_DATA FOR REVIEW_
lemma Hst_0_subset_Forb_biclique_diamond: "Hst 0 (a + 1) \<subseteq> Forb (biclique_diamond a)"
proof
  fix G assume "G \<in> Hst 0 (a + 1)"
  then obtain p where G: "graph G" and p: "\<forall>v\<in>verts G. p v < a + 1"
    and cliques: "\<forall>i<a + 1. clique_in G {v\<in>verts G. p v = i}"
    unfolding Hst_def by auto
  have "\<not> has_induced G (biclique_diamond a)"
  proof
    assume "has_induced G (biclique_diamond a)"
    then obtain g where g: "embedding (biclique_diamond a) G g"
      unfolding has_induced_iff_embedding by blast
    let ?T = "{..<a} \<union> {2*a, 2*a+1}"
    have "card ?T \<le> card {..<a + 1}"
    proof (rule embedded_stable_le_clique_parts[OF g])
      show "stable_in (biclique_diamond a) ?T"
        by (auto simp: stable_in_def biclique_diamond_adj_def)
      show "p (g v) \<in> {..<a + 1}" if "v \<in> ?T" for v
        using that g p unfolding embedding_def image_subset_iff by auto
    qed (use cliques in auto)
    moreover have "card ?T = a + 2" by simp
    ultimately show False by simp
  qed
  then show "G \<in> Forb (biclique_diamond a)" unfolding Forb_def using G by simp
qed

lemma chi_c_Forb_biclique_diamond:
  assumes "1 \<le> a"
  shows "chi_c (Forb (biclique_diamond a)) = a + 1"
  unfolding chi_c_def
proof (rule Greatest_equality)
  show "\<exists>s\<le>a + 1. Hst s (a + 1 - s) \<subseteq> Forb (biclique_diamond a)"
    using Hst_0_subset_Forb_biclique_diamond[of a] by (intro exI[where x = 0]) simp
next
  fix l assume "\<exists>s\<le>l. Hst s (l - s) \<subseteq> Forb (biclique_diamond a)"
  then obtain s where s: "s \<le> l" "Hst s (l - s) \<subseteq> Forb (biclique_diamond a)" by blast
  show "l \<le> a + 1"
  proof (rule ccontr)
    assume "\<not> l \<le> a + 1"
    then have "biclique_diamond a \<in> Hst s (l - s)"
      using biclique_diamond_in_Hst[OF assms] s(1) by simp
    then show False using s(2) not_in_Forb_self by blast
  qed
qed

lemma reduced_Forb_biclique_diamondE:
  assumes "1 \<le> a" "reduced (Forb (biclique_diamond a)) J"
  obtains s where "s \<le> a" "\<And>p. \<not> reduced_partition (a + 1) s J (biclique_diamond a) p"
proof -
  obtain s where "s \<le> a"
    and "\<And>G p. graph G \<Longrightarrow> reduced_partition (a + 1) s J G p \<Longrightarrow> G \<in> Forb (biclique_diamond a)"
    using assms(2) unfolding reduced_iff_partitions chi_c_Forb_biclique_diamond[OF assms(1)] by auto
  then show thesis
    using that graph_biclique_diamond not_in_Forb_self by blast
qed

_EXERCISE REQUIREMENTS_
Lines above with "assumes" in them are the ones to copy.

_TASK RESPONSE_
  assumes "1 \<le> a"
  assumes "1 \<le> a" "reduced (Forb (biclique_diamond a)) J"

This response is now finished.